La décision du président de la Commission européenne de rattacher les produits de santé et de l'agence européenne du médicament (EMA) au secteur des entreprises, est une régression selon la revue française Prescrire et le British Medical Journal (BMJ).

Qualifiée d'«incompréhensible retour en arrière», cette «décision de rattacher à nouveau la politique du médicament et l'EMA à la direction générale Entreprises est une immense déception et suscite l'incompréhension de tous ceux qui donnent la priorité à la santé publique en Europe», écrivent dans une lettre au président de la Commission, Jean-Claude Juncker, Fiona Godlee, rédactrice-en-chef du BMJ et Bruno Toussaint, directeur de la revue indépendante Prescrire, rendue publique mardi.
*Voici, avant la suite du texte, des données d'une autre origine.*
lemma phi0''_eq:
  assumes "p \<noteq> 0"
  shows "phi0'' p x = phi0 p x - (p + 1) * phi0 p x powr (2 * p) * phi0 p x"
  unfolding phi0''_def phi0_powr_2p[OF assms] by (simp add: algebra_simps)

lemma phi0_le_exp:
  assumes "p > 0"
  shows "phi0 p x \<le> exp (ln 2 / p - \<bar>x\<bar>)"
proof -
  have "exp (p * \<bar>x\<bar>) \<le> exp (p * x) + exp (- (p * x))"
    using exp_gt_zero[of "p * x"] exp_gt_zero[of "- (p * x)"] by (cases "x \<ge> 0") simp_all
  then have "exp (p * \<bar>x\<bar>) / 2 \<le> cosh (p * x)"
    unfolding cosh_def by simp
  then have "ln (exp (p * \<bar>x\<bar>) / 2) \<le> ln (cosh (p * x))"
    by (subst ln_le_cancel_iff) auto
  then have "p * \<bar>x\<bar> - ln 2 \<le> ln (cosh (p * x))"
    by (simp add: ln_div)
  then have "- ln (cosh (p * x)) / p \<le> ln 2 / p - \<bar>x\<bar>"
    using assms by (simp add: field_simps)
  then show ?thesis
    unfolding phi0_eq_exp by simp
qed

lemma abs_phi0'_le: "\<bar>phi0' p x\<bar> \<le> phi0 p x"
proof -
  have "\<bar>tanh (p * x)\<bar> \<le> 1"
    using tanh_real_bounds[of "p * x"] by auto
  then show ?thesis
    unfolding phi0'_def using phi0_pos[of p x] by (simp add: abs_mult mult_left_le)
qed

lemma abs_phi0''_le:
  assumes "p \<ge> 0"
  shows "\<bar>phi0'' p x\<bar> \<le> (1 + p) * phi0 p x"
proof -
  have "1 \<le> cosh (p * x) ^ 2"
    using cosh_real_ge_1[of "p * x"] by (simp add: one_le_power)
  then have "(p + 1) * (1 / cosh (p * x) ^ 2) \<le> p + 1"
    using assms by (intro mult_left_le) auto
  then have "0 \<le> (p + 1) / cosh (p * x) ^ 2" "(p + 1) / cosh (p * x) ^ 2 \<le> p + 1"
    using assms by simp_all
  then have "\<bar>1 - (p + 1) / cosh (p * x) ^ 2\<bar> \<le> 1 + p"
    using assms by linarith
  then show ?thesis
    unfolding phi0''_def using phi0_pos[of p x] by (simp add: abs_mult mult.commute mult_right_mono)
qed

lemma has_real_derivative_scaled_shift:
  fixes f f' :: "real \<Rightarrow> real"
  assumes "(f has_real_derivative f' (x + s)) (at (x + s))"
  shows "((\<lambda>x. c * f (x + s)) has_real_derivative c * f' (x + s)) (at x)"
  using DERIV_cmult[OF DERIV_shift[THEN iffD1, OF assms]] by simp

lemma continuous_on_scaled_shift:
  fixes f :: "real \<Rightarrow> real"
  assumes "continuous_on UNIV f"
  shows "continuous_on UNIV (\<lambda>x. c * f (x + s))"
proof -
  have "continuous_on UNIV (\<lambda>x. f (x + s))"
    by (rule continuous_on_compose2[OF assms]) (auto intro!: continuous_intros)
  then show ?thesis
    by (intro continuous_intros)
qed

lemma scaled_shifted_phi0_H2_half:
  assumes "p > 0"
  shows "H2_half (\<lambda>x. c * phi0 p (x + s))"
    and "weak_deriv (\<lambda>x. c * phi0 p (x + s)) (\<lambda>x. c * phi0' p (x + s))"
    and "H1_half (\<lambda>x. c * phi0' p (x + s))"
proof -
  define C where "C = \<bar>c\<bar> * (1 + p) * exp (ln 2 / p + \<bar>s\<bar>)"
  have phi0_decay: "phi0 p (x + s) \<le> exp (ln 2 / p + \<bar>s\<bar>) * exp (- x)" if "x > 0" for x
  proof -
    have "phi0 p (x + s) \<le> exp (ln 2 / p - \<bar>x + s\<bar>)"
      by (rule phi0_le_exp[OF assms])
    also have "\<dots> \<le> exp (ln 2 / p + \<bar>s\<bar> + - x)"
      using that by simp
    also have "\<dots> = exp (ln 2 / p + \<bar>s\<bar>) * exp (- x)"
      by (rule exp_add)
    finally show ?thesis .
  qed
  have scaled_le: "\<bar>c * v\<bar> \<le> C * exp (- x)" if "\<bar>v\<bar> \<le> (1 + p) * phi0 p (x + s)" "x > 0" for v x
  proof -
    have "\<bar>c * v\<bar> \<le> \<bar>c\<bar> * ((1 + p) * phi0 p (x + s))"
      unfolding abs_mult using that(1) by (rule mult_left_mono) simp
    also have "\<dots> \<le> \<bar>c\<bar> * ((1 + p) * (exp (ln 2 / p + \<bar>s\<bar>) * exp (- x)))"
      using phi0_decay[OF that(2)] assms by (intro mult_left_mono) auto
    finally show ?thesis
      unfolding C_def by (simp add: mult.assoc)
  qed
  have phi0_dominates: "phi0 p y \<le> (1 + p) * phi0 p y" for y
    using mult_nonneg_nonneg[of p "phi0 p y"] assms phi0_pos[of p y] by (simp add: distrib_right)
  have decay: "\<bar>c * phi0 p (x + s)\<bar> \<le> C * exp (- x) \<and> \<bar>c * phi0' p (x + s)\<bar> \<le> C * exp (- x)
      \<and> \<bar>c * phi0'' p (x + s)\<bar> \<le> C * exp (- x)" if "x > 0" for x
  proof -
    have "\<bar>phi0 p (x + s)\<bar> \<le> (1 + p) * phi0 p (x + s)"
      using phi0_pos[of p "x + s"] phi0_dominates by simp
    moreover have "\<bar>phi0' p (x + s)\<bar> \<le> (1 + p) * phi0 p (x + s)"
      using abs_phi0'_le phi0_dominates by (rule order_trans)
    ultimately show ?thesis
      using assms by (intro conjI scaled_le[OF _ that] abs_phi0''_le) simp_all
  qed
  have "p \<noteq> 0"
    using assms by simp
  have deriv1: "((\<lambda>x. c * phi0 p (x + s)) has_real_derivative c * phi0' p (x + s)) (at x)"
    and deriv2: "((\<lambda>x. c * phi0' p (x + s)) has_real_derivative c * phi0'' p (x + s)) (at x)" for x
    by (intro has_real_derivative_scaled_shift has_real_derivative_phi0 has_real_derivative_phi0'
        \<open>p \<noteq> 0\<close>)+
  have cont: "continuous_on UNIV (\<lambda>x. c * phi0'' p (x + s))"
    by (intro continuous_on_scaled_shift continuous_on_phi0'' \<open>p \<noteq> 0\<close>)
  show "H2_half (\<lambda>x. c * phi0 p (x + s))"
    and "weak_deriv (\<lambda>x. c * phi0 p (x + s)) (\<lambda>x. c * phi0' p (x + s))"
    and "H1_half (\<lambda>x. c * phi0' p (x + s))"
    using H2_half_if_exp_decay[OF deriv1 deriv2 cont decay] by blast+
qed

lemma solves_NLS_scaled_shifted_phi0:
  assumes "p > 0" and "\<alpha> > 0"
  shows "solves_NLS p \<alpha> (\<lambda>x. \<alpha> powr (-1/p) * phi0 p (x + s))"
  unfolding solves_NLS_def
proof (intro exI allI impI conjI)
  fix x :: real
  let ?c = "\<alpha> powr (-1/p)"
  have "p \<noteq> 0"
    using assms by simp
  show "((\<lambda>x. ?c * phi0 p (x + s)) has_real_derivative ?c * phi0' p (x + s)) (at x)"
    and "((\<lambda>x. ?c * phi0' p (x + s)) has_real_derivative ?c * phi0'' p (x + s)) (at x)"
    by (intro has_real_derivative_scaled_shift has_real_derivative_phi0 has_real_derivative_phi0'
        \<open>p \<noteq> 0\<close>)+
  have "\<alpha>\<^sup>2 * \<bar>?c * phi0 p (x + s)\<bar> powr (2 * p) = \<alpha>\<^sup>2 * ?c powr (2 * p) * phi0 p (x + s) powr (2 * p)"
    using assms phi0_pos[of p "x + s"] by (simp add: powr_mult)
  also have "?c powr (2 * p) = \<alpha> powr (-1/p * (2 * p))"
    by (rule powr_powr)
  also have "-1/p * (2 * p) = - 2"
    using assms by simp
  also have "\<alpha>\<^sup>2 * \<alpha> powr - 2 = 1"
    using assms by (simp add: powr_minus powr_numeral)
  finally show "- (?c * phi0'' p (x + s)) + ?c * phi0 p (x + s)
      - (p + 1) * \<alpha>\<^sup>2 * \<bar>?c * phi0 p (x + s)\<bar> powr (2 * p) * (?c * phi0 p (x + s)) = 0"
    unfolding phi0''_eq[OF \<open>p \<noteq> 0\<close>] by (simp add: algebra_simps)
qed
Ils rappellent dans cette missive intitulée «Le médicament n'est pas une marchandise...» que la décision, en 2009, de son prédécesseur José Manuel Barroso de rattacher «enfin» la politique des produits de santé (médicaments et dispositifs médicaux) et l'Agence européenne du médicament(EMA) à la direction générale Sanco (santé et consommateurs) plutôt qu'à la direction générale Entreprises, avait été saluée.

«Les intérêts industriels y sont en permanence puissamment défendus»
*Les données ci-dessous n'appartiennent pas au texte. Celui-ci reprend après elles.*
lemma card_shattered_le:
  assumes fin: "finite V" and EV: "E \<subseteq> V \<times> V" and "r \<ge> 1"
    and lin: "linear_order_on V L" and c: "\<forall>v\<in>V. card (WReach V E r L v) \<le> c"
    and XV: "X \<subseteq> V" and sh: "shattered_by X (in_nbhd V E r ` V)"
  shows "card X \<le> (r + 2) * (2 * c) ^ 2"
proof -
  define S where "S = (\<Union>x\<in>X. WReach V E r L x)"
  define K where "K = S \<times> {0..r}"
  have "finite X" using XV fin finite_subset by auto
  have "S \<subseteq> V" unfolding S_def WReach_def by auto
  then have "finite S" using fin finite_subset by auto
  then have fK: "finite K" unfolding K_def by simp
  have "card S \<le> (\<Sum>x\<in>X. card (WReach V E r L x))"
    unfolding S_def using \<open>finite X\<close> by (rule card_UN_le)
  also have "\<dots> \<le> (\<Sum>x\<in>X. c)" using c XV by (intro sum_mono) auto
  finally have "card S \<le> c * card X" by (simp add: mult.commute)
  have "card K = card S * (r + 1)" unfolding K_def by (simp add: card_cartesian_product)
  also have "\<dots> \<le> c * card X * (r + 1)" using \<open>card S \<le> c * card X\<close> by (rule mult_le_mono1)
  finally have cK: "card K \<le> c * card X * (r + 1)" .
  have codes: "nbhd_code V E r L X ` V \<subseteq> {A. A \<subseteq> K \<and> card A \<le> c}"
  proof (intro image_subsetI CollectI conjI)
    fix v assume "v \<in> V"
    show "nbhd_code V E r L X v \<subseteq> K" unfolding K_def S_def by (rule nbhd_code_subset)
    show "card (nbhd_code V E r L X v) \<le> c"
      using card_nbhd_code_le[OF fin] c \<open>v \<in> V\<close> by (blast intro: le_trans)
  qed
  have "Pow X = (\<lambda>v. X \<inter> in_nbhd V E r v) ` V"
    using sh unfolding shattered_by_def by (simp add: image_image)
  also have "\<dots> = nbhd_decode V E r X ` nbhd_code V E r L X ` V"
    using trace_in_nbhd_eq_decode[OF EV lin XV] by (simp add: image_image)
  finally have "2 ^ card X = card (nbhd_decode V E r X ` nbhd_code V E r L X ` V)"
    using \<open>finite X\<close> by (metis card_Pow)
  also have "\<dots> \<le> card (nbhd_code V E r L X ` V)" using fin by (intro card_image_le) simp
  also have "\<dots> \<le> card {A. A \<subseteq> K \<and> card A \<le> c}" using codes fK by (intro card_mono) auto
  also have "\<dots> \<le> (card K + 1) ^ c" using fK by (rule card_small_subsets_le)
  also have "\<dots> \<le> (c * card X * (r + 1) + 1) ^ c" using cK by (intro power_mono) auto
  finally show ?thesis by (rule le_of_two_power_le[OF \<open>r \<ge> 1\<close>])
qed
Ce rattachement, «réclamé depuis longtemps», est un «meilleur gage d'une priorité donnée à la santé publique et aux patients, plutôt qu'aux intérêts industriels et économiques à courte vue». «Trop de médicaments mis sur le marché européen ne représentent pas de progrès tangible pour les patients, voire sont de véritables régressions», relèvent encore les auteurs. Et, ils avertissent Junker : «Rapprocher encore davantage l'EMA des firmes met en danger la protection de la santé des citoyens européens».
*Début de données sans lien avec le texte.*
lemma cubic_polar_swap23:
  assumes "totally_symmetric \<alpha>"
  shows "cubic_polar \<alpha> a b c = cubic_polar \<alpha> a c b"
proof -
  have "\<alpha> i j k = \<alpha> i k j" for i j k
    using assms unfolding totally_symmetric_def by blast
  moreover have "cubic_polar \<alpha> a b c = (\<Sum>i\<in>UNIV. \<Sum>k\<in>UNIV. \<Sum>j\<in>UNIV. \<alpha> i j k * a$i * b$j * c$k)"
    unfolding cubic_polar_def by (intro sum.cong refl sum.swap)
  ultimately show ?thesis
    unfolding cubic_polar_def by (simp add: mult_ac)
qed

lemma cubic_polar_eq_inner: "cubic_polar \<alpha> v y y = inner v (coeff_comb \<alpha> y *v y)"
  by (simp add: cubic_polar_def inner_vec_def coeff_comb_mult_vec sum_distrib_left mult_ac)

lemma cubic_form_flow_invariant:
  assumes sym: "totally_symmetric \<alpha>"
    and tangent: "\<And>t. inner (coeff_comb \<alpha> t *v t) (C *v t) = 0"
  shows "cubic_form \<alpha> (mat_exp (s *\<^sub>R C) *v \<xi>) = cubic_form \<alpha> \<xi>"
proof -
  define y where "y s = mat_exp (s *\<^sub>R C) *v \<xi>" for s
  have "DERIV (\<lambda>s. cubic_form \<alpha> (y s)) s :> 0" for s
  proof -
    have "DERIV (\<lambda>s. cubic_form \<alpha> (y s)) s :>
        cubic_polar \<alpha> (C *v y s) (y s) (y s) + cubic_polar \<alpha> (y s) (C *v y s) (y s)
          + cubic_polar \<alpha> (y s) (y s) (C *v y s)"
      unfolding cubic_form_def y_def
      apply (rule DERIV_cong)
       apply (rule derivative_eq_intros has_field_derivative_mat_exp_nth refl)+
      apply (simp add: cubic_polar_def sum.distrib[symmetric] algebra_simps)
      done
    moreover have "cubic_polar \<alpha> (C *v y s) (y s) (y s) + cubic_polar \<alpha> (y s) (C *v y s) (y s)
        + cubic_polar \<alpha> (y s) (y s) (C *v y s) = 3 * inner (C *v y s) (coeff_comb \<alpha> (y s) *v y s)"
      using cubic_polar_swap12[OF sym, of "y s" "C *v y s"] cubic_polar_swap23[OF sym, of "y s" "y s"]
      by (simp add: cubic_polar_eq_inner)
    ultimately show ?thesis
      using tangent by (simp add: inner_commute)
  qed
  then have "cubic_form \<alpha> (y s) = cubic_form \<alpha> (y 0)"
    by (blast intro: DERIV_isconst_all[where f = "\<lambda>s. cubic_form \<alpha> (y s)"])
  then show ?thesis
    by (simp add: y_def mat_exp_0)
qed

lemma inner_coeff_mat_mult:
  assumes "totally_symmetric \<alpha>"
  shows "inner w ((coeff_mat \<alpha> i ** coeff_mat \<alpha> j) *v t) = (coeff_comb \<alpha> w ** coeff_comb \<alpha> t) $ i $ j"
proof -
  have sym_j: "\<alpha> q s j = \<alpha> j q s" for q s
    using assms unfolding totally_symmetric_def by blast
  have "inner w ((coeff_mat \<alpha> i ** coeff_mat \<alpha> j) *v t)
      = (\<Sum>a\<in>UNIV. \<Sum>s\<in>UNIV. \<Sum>q\<in>UNIV. w$a * \<alpha> i a q * \<alpha> j q s * t$s)"
    by (simp add: inner_vec_def matrix_vector_mult_def matrix_matrix_mult_def coeff_mat_def
        sum_distrib_left sum_distrib_right mult_ac)
  also have "\<dots> = (\<Sum>a\<in>UNIV. \<Sum>q\<in>UNIV. \<Sum>s\<in>UNIV. w$a * \<alpha> i a q * \<alpha> q s j * t$s)"
    unfolding sym_j by (rule sum.cong[OF refl], rule sum.swap)
  also have "\<dots> = (\<Sum>q\<in>UNIV. \<Sum>a\<in>UNIV. \<Sum>s\<in>UNIV. w$a * \<alpha> i a q * \<alpha> q s j * t$s)"
    by (rule sum.swap)
  also have "\<dots> = (coeff_comb \<alpha> w ** coeff_comb \<alpha> t) $ i $ j"
    by (simp add: matrix_matrix_mult_def sum_distrib_left sum_distrib_right mult_ac)
  finally show ?thesis .
qed

lemma inner_commut_coeff_mat:
  assumes sym: "totally_symmetric \<alpha>"
  shows "inner w (commut (coeff_mat \<alpha> i) (coeff_mat \<alpha> j) *v t)
    = commut (coeff_comb \<alpha> w) (coeff_comb \<alpha> t) $ i $ j"
proof -
  have "(coeff_comb \<alpha> w ** coeff_comb \<alpha> t) $ j $ i = transpose (coeff_comb \<alpha> w ** coeff_comb \<alpha> t) $ i $ j"
    by (simp add: transpose_def)
  also have "\<dots> = (coeff_comb \<alpha> t ** coeff_comb \<alpha> w) $ i $ j"
    by (simp add: matrix_transpose_mul transpose_coeff_comb[OF sym])
  finally have "(coeff_comb \<alpha> w ** coeff_comb \<alpha> t) $ j $ i = (coeff_comb \<alpha> t ** coeff_comb \<alpha> w) $ i $ j" .
  then show ?thesis
    by (simp add: commut_def matrix_vector_mult_diff_rdistrib inner_diff_right
        inner_coeff_mat_mult[OF sym])
qed

theorem mainTheorem9:
  fixes \<alpha> :: "'n::finite \<Rightarrow> 'n \<Rightarrow> 'n \<Rightarrow> real"
    and \<phi> :: "real^'n \<Rightarrow> real"
    and U :: "(real^'n) set"
  assumes sym: "\<And>i j k. \<alpha> i j k = \<alpha> i k j \<and> \<alpha> i j k = \<alpha> j i k \<and> \<alpha> i j k = \<alpha> j k i
                      \<and> \<alpha> i j k = \<alpha> k i j \<and> \<alpha> i j k = \<alpha> k j i"
    and U0: "0 \<in> U" and C2: "C2_on U \<phi>"
    and pde: "\<And>i t. t \<in> U \<Longrightarrow>
        partial \<phi> i t = (\<Sum>j\<in>UNIV. \<Sum>k\<in>UNIV. \<alpha> i j k * t$j * partial \<phi> k t) + t$i * \<phi> t"
    and nz: "\<phi> 0 \<noteq> 0"
  shows "\<forall>i j. \<forall>\<xi>::real^'n. \<forall>s::real.
           cubic_form \<alpha> (mat_exp (s *\<^sub>R commut (coeff_mat \<alpha> i) (coeff_mat \<alpha> j)) *v \<xi>) = cubic_form \<alpha> \<xi>"
proof -
  have sym': "totally_symmetric \<alpha>"
    unfolding totally_symmetric_def using sym by blast
  from C2 obtain g h where "open U" "continuous_on U \<phi>"
    and g: "\<forall>i. \<forall>x\<in>U. has_partial \<phi> i x (g i x)" "\<forall>i. continuous_on U (g i)"
    and h: "\<forall>i j. \<forall>x\<in>U. has_partial (g i) j x (h i j x)" "\<forall>i j. continuous_on U (h i j)"
    unfolding C2_on_def by blast
  have "partial \<phi> i x = g i x" if "x \<in> U" for i x
    using g(1) that by (simp add: partial_eq)
  then have "g i t = (\<Sum>j\<in>UNIV. \<Sum>k\<in>UNIV. \<alpha> i j k * t$j * g k t) + t$i * \<phi> t" if "t \<in> U" for i t
    using pde[OF that, of i] that by simp
  with sym' \<open>open U\<close> \<open>continuous_on U \<phi>\<close> g h interpret pde_solution \<alpha> \<phi> U g h
    by unfold_locales auto
  have "inner (coeff_comb \<alpha> t *v t) (commut (coeff_mat \<alpha> i) (coeff_mat \<alpha> j) *v t) = 0" for i j t
    using commut_coeff_comb_square[OF U0 nz] by (simp add: inner_commut_coeff_mat[OF sym'])
  then show ?thesis
    using cubic_form_flow_invariant[OF sym'] by blast
qed

end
Observateurs de l'activité de l'agence européenne du médicament (EMA) depuis son origine (1995), les auteurs soulignent que «les intérêts industriels y sont en permanence puissamment défendus». Ils en citent un exemple récent: «En 2010, l'EMA a annoncé une politique volontariste de transparence et d'accès public aux données sur lesquelles l'agence base ses avis, qui intéressent la santé des Européens.»

Or, «la position de l'EMA s'est retournée de manière spectaculaire au cours des derniers mois, concomitamment avec la prise de fonction à l'agence d'un responsable juridique issu des firmes».